Data records:
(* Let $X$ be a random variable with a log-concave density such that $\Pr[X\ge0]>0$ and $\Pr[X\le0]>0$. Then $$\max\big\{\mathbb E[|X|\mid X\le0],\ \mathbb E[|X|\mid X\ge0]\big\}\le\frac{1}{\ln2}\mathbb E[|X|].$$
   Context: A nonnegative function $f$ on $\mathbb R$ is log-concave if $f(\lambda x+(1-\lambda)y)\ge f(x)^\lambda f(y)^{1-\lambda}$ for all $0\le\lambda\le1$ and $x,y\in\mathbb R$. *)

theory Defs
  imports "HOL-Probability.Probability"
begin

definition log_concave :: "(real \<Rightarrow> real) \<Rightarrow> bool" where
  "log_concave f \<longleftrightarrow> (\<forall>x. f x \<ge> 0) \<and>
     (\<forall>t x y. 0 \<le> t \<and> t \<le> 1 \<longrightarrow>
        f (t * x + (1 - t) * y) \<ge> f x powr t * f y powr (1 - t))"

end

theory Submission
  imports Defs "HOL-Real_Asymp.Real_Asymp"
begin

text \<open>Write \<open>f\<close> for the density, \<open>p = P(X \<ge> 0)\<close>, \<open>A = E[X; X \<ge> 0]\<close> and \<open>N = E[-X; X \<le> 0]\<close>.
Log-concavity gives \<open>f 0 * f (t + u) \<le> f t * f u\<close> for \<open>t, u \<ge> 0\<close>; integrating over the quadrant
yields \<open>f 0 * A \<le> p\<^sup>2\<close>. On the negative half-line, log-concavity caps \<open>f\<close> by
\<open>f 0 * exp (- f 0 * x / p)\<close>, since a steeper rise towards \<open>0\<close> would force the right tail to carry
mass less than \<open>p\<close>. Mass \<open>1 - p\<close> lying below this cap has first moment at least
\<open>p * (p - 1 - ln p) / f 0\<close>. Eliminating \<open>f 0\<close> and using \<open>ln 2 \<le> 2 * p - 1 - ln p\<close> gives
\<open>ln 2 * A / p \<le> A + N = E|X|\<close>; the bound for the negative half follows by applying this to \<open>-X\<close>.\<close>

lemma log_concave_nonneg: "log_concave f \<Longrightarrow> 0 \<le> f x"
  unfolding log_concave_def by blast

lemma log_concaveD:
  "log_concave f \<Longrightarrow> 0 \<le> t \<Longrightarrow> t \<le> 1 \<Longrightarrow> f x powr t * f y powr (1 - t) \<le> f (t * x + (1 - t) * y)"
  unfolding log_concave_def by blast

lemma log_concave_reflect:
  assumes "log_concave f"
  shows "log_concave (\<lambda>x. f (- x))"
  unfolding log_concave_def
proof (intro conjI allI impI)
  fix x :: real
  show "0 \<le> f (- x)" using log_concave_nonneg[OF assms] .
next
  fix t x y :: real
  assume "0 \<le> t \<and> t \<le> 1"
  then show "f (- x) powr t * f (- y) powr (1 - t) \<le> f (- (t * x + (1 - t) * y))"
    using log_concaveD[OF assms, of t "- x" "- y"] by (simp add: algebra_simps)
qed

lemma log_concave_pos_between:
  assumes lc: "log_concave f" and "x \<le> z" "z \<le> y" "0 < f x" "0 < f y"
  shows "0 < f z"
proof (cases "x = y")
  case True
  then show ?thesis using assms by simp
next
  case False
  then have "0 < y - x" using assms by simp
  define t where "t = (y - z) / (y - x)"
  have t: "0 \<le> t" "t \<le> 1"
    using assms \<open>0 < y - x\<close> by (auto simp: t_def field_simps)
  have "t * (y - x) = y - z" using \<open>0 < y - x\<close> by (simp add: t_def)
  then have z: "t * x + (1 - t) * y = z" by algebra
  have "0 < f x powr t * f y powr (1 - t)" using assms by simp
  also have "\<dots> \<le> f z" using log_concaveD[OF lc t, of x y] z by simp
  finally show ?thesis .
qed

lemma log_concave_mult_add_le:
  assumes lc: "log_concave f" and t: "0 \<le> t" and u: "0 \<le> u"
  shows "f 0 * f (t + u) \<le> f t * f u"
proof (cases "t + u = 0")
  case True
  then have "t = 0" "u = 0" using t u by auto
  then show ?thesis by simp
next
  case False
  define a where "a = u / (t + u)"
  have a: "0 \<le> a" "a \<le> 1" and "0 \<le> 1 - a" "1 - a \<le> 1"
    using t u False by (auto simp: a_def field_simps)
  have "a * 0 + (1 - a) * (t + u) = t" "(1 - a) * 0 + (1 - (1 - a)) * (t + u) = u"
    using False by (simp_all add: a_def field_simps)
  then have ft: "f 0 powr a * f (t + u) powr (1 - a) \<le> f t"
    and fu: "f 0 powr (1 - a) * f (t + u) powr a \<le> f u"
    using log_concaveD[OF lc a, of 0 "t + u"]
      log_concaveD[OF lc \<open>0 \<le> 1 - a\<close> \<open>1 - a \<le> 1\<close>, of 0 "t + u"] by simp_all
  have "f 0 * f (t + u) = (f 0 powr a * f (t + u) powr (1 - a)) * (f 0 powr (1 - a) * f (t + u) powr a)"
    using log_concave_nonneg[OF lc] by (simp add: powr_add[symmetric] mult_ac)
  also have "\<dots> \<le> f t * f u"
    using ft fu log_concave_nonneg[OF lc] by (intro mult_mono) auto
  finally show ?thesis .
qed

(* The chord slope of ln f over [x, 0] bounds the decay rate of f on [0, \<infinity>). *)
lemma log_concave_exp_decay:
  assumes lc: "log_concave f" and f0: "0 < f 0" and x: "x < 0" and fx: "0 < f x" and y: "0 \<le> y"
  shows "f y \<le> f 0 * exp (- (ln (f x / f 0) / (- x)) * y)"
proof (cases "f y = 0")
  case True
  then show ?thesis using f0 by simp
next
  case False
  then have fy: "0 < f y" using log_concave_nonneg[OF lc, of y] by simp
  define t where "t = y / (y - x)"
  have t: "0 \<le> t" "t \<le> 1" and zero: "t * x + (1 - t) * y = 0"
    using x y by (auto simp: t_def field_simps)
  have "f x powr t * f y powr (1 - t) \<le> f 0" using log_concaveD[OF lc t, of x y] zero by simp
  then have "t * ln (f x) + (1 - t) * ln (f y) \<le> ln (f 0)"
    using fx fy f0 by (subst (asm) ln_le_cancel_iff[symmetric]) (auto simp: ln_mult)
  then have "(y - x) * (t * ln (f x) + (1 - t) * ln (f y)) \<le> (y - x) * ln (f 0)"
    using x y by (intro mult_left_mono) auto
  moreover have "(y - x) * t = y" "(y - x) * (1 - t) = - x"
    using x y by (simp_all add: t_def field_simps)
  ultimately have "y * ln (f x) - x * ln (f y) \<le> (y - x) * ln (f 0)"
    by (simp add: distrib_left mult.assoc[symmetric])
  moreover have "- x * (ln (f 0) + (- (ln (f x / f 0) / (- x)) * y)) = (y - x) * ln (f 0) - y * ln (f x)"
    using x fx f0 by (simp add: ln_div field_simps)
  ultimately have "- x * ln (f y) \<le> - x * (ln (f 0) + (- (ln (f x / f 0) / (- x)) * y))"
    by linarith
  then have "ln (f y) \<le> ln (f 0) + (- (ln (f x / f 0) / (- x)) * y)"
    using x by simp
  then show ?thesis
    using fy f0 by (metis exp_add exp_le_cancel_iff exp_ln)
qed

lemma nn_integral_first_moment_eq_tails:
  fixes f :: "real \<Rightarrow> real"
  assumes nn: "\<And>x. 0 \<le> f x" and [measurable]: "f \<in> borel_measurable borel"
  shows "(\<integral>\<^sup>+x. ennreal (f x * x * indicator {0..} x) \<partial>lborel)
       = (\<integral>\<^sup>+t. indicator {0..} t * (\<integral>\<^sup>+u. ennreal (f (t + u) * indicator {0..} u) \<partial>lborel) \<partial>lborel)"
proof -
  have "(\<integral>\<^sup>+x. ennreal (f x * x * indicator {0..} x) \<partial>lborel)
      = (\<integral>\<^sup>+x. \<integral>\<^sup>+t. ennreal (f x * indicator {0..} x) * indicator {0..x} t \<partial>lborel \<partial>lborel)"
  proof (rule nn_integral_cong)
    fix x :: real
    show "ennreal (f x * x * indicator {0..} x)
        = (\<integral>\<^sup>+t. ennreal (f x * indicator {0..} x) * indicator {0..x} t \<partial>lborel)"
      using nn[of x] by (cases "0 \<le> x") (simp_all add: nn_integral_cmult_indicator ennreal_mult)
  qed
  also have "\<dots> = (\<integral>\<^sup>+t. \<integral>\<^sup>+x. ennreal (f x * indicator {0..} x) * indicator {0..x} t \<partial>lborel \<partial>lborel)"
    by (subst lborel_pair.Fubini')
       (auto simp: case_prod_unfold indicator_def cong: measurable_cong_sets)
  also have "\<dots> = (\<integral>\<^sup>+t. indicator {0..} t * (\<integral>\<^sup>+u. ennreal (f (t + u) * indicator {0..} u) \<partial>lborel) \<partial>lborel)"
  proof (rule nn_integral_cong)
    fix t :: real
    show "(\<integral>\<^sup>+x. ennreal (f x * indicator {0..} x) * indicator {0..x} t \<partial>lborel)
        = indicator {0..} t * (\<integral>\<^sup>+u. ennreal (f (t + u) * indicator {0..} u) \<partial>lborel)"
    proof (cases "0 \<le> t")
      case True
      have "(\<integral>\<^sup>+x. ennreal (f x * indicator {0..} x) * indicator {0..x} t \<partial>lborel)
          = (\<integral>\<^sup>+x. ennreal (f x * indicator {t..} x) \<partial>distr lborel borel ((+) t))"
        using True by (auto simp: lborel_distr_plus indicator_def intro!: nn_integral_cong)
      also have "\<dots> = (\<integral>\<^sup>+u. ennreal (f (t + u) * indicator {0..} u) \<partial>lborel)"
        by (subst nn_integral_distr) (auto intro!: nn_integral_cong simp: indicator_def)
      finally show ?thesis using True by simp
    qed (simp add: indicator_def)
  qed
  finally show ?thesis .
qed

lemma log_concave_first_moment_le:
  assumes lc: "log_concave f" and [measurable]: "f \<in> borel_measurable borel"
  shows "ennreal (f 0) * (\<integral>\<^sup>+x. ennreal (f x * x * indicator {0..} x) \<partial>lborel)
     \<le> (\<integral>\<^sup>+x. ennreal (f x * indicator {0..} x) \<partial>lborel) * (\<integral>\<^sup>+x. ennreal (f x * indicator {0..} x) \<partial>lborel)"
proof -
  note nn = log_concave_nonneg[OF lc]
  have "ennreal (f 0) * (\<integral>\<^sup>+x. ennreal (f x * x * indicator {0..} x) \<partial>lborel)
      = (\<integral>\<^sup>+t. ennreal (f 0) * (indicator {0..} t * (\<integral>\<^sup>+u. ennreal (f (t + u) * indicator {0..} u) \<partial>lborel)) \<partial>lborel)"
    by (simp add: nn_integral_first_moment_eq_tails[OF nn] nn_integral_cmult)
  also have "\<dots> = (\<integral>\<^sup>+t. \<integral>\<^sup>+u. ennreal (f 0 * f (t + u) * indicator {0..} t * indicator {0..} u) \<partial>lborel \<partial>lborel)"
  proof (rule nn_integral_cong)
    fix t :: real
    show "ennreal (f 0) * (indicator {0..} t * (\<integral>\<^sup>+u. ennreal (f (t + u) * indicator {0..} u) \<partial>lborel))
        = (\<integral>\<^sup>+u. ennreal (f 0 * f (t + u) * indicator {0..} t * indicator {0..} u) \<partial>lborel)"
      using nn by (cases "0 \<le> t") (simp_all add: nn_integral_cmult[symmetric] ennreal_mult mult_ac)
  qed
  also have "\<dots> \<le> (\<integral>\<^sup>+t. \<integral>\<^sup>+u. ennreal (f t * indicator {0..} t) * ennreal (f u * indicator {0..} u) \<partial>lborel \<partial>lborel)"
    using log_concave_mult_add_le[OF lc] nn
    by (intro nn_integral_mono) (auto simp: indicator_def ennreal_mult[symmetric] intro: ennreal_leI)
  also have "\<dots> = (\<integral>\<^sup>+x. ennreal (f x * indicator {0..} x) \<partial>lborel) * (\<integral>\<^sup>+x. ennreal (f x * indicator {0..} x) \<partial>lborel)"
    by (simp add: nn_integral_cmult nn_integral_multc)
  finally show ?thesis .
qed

...

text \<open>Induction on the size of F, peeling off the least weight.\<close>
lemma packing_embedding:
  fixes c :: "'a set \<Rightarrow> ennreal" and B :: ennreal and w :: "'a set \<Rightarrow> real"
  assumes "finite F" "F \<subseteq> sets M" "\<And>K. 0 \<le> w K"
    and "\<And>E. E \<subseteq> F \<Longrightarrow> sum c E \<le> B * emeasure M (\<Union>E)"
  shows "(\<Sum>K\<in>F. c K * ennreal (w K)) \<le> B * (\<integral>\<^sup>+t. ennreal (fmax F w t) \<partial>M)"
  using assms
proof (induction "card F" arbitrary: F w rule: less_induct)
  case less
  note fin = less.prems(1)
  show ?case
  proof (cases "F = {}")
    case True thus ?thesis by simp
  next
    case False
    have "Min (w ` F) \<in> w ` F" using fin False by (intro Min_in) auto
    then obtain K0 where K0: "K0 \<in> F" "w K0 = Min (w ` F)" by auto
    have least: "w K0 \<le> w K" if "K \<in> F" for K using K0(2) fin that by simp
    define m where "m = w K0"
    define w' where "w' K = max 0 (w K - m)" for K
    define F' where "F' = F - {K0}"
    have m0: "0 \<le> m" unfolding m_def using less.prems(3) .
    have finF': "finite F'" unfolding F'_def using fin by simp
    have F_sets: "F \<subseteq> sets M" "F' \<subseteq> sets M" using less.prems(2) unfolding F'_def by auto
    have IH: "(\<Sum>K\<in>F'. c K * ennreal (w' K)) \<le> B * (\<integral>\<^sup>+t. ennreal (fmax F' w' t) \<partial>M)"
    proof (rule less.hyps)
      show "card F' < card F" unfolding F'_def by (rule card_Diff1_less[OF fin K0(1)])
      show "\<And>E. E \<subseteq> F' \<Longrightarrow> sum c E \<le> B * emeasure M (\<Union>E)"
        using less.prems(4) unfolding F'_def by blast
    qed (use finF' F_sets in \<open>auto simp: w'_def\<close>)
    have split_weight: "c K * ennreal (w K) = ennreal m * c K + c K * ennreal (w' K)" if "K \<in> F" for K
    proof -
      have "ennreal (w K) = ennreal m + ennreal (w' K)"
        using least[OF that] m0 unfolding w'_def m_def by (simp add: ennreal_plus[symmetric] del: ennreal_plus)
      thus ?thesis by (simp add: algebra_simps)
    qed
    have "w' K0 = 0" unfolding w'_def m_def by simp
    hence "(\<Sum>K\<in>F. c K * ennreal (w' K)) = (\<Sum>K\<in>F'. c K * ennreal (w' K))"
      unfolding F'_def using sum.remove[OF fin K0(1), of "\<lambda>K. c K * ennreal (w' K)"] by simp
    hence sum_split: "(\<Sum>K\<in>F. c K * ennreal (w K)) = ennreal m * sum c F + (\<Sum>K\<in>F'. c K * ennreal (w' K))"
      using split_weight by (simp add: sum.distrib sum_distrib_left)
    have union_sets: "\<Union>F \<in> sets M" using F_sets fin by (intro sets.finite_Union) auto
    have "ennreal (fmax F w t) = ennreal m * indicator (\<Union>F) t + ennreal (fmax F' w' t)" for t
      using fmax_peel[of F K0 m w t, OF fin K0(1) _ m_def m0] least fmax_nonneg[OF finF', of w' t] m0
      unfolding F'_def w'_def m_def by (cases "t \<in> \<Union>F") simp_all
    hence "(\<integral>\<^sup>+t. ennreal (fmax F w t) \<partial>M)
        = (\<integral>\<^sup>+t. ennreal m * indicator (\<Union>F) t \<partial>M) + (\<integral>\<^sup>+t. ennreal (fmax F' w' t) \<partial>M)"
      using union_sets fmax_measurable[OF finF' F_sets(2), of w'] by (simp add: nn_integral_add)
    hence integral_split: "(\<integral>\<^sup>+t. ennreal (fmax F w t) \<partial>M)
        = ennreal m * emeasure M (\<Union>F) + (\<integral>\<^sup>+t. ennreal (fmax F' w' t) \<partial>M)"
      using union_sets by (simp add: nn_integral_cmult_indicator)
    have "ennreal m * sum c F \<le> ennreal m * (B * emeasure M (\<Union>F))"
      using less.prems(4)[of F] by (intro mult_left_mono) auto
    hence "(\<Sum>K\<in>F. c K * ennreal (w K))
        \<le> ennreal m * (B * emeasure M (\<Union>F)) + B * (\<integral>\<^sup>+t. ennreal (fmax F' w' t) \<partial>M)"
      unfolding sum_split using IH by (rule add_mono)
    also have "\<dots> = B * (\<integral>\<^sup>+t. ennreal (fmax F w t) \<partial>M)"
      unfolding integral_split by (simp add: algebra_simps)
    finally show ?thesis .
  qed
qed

==

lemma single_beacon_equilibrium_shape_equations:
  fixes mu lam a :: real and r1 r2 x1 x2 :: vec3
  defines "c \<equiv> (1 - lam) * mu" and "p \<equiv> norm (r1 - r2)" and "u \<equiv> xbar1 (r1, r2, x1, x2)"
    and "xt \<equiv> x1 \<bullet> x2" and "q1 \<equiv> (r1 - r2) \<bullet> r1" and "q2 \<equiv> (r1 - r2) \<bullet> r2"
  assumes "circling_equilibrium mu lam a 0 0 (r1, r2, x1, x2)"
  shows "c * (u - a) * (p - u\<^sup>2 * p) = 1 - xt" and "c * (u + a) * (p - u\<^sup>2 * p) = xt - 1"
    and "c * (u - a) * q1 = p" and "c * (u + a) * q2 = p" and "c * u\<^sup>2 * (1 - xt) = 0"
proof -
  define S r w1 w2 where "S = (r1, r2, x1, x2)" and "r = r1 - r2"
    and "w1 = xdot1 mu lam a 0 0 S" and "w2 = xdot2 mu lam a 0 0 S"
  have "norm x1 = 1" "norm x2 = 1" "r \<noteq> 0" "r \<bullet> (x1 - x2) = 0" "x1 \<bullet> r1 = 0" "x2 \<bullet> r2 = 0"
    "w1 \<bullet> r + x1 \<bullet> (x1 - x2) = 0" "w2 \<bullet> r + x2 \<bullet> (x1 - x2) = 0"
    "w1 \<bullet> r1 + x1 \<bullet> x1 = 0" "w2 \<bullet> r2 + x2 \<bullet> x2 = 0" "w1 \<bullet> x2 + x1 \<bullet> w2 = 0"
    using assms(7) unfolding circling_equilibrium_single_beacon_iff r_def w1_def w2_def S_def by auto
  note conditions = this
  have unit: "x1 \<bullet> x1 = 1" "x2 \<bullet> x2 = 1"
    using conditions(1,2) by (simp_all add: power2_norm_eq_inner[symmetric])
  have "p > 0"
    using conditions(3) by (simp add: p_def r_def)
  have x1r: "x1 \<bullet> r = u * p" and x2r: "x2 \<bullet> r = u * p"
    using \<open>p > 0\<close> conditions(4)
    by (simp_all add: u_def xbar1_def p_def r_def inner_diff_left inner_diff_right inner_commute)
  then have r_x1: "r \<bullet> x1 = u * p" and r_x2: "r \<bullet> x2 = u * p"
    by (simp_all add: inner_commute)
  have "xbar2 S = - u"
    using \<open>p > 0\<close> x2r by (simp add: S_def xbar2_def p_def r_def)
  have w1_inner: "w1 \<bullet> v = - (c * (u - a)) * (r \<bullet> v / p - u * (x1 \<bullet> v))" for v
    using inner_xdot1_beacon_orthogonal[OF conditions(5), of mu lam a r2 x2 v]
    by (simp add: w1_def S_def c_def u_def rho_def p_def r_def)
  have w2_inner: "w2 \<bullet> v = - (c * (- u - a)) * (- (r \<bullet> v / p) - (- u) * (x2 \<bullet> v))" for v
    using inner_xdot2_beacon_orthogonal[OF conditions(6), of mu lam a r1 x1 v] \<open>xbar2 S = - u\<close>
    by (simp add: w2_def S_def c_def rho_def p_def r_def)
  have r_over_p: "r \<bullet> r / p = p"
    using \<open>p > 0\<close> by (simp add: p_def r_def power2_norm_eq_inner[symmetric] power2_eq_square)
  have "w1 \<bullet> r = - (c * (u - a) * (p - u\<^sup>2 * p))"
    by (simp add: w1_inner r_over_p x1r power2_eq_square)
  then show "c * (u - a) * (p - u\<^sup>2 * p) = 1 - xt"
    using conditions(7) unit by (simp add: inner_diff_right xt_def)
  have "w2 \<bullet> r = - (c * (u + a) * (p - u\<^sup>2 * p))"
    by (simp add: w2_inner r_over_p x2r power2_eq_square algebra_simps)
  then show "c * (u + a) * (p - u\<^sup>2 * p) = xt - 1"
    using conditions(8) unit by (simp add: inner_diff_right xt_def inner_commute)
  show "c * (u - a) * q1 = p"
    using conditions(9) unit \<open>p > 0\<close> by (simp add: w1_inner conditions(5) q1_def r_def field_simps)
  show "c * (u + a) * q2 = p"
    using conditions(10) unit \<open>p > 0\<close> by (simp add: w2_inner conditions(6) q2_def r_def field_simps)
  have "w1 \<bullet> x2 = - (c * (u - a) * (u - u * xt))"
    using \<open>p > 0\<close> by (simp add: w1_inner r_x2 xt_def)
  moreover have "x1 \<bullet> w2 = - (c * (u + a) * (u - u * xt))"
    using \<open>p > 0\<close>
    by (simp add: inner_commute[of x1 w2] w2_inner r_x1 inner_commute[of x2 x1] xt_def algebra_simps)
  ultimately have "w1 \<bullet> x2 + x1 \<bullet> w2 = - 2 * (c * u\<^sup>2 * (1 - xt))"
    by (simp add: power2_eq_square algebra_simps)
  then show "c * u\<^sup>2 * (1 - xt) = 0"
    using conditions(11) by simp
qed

Task prompt: For the listing above, print only the lines starting at the line containing "define F' where" and ending at the line containing "F'_def by auto", exactly, both included.

Written solution:
    define F' where "F' = F - {K0}"
    have m0: "0 \<le> m" unfolding m_def using less.prems(3) .
    have finF': "finite F'" unfolding F'_def using fin by simp
    have F_sets: "F \<subseteq> sets M" "F' \<subseteq> sets M" using less.prems(2) unfolding F'_def by auto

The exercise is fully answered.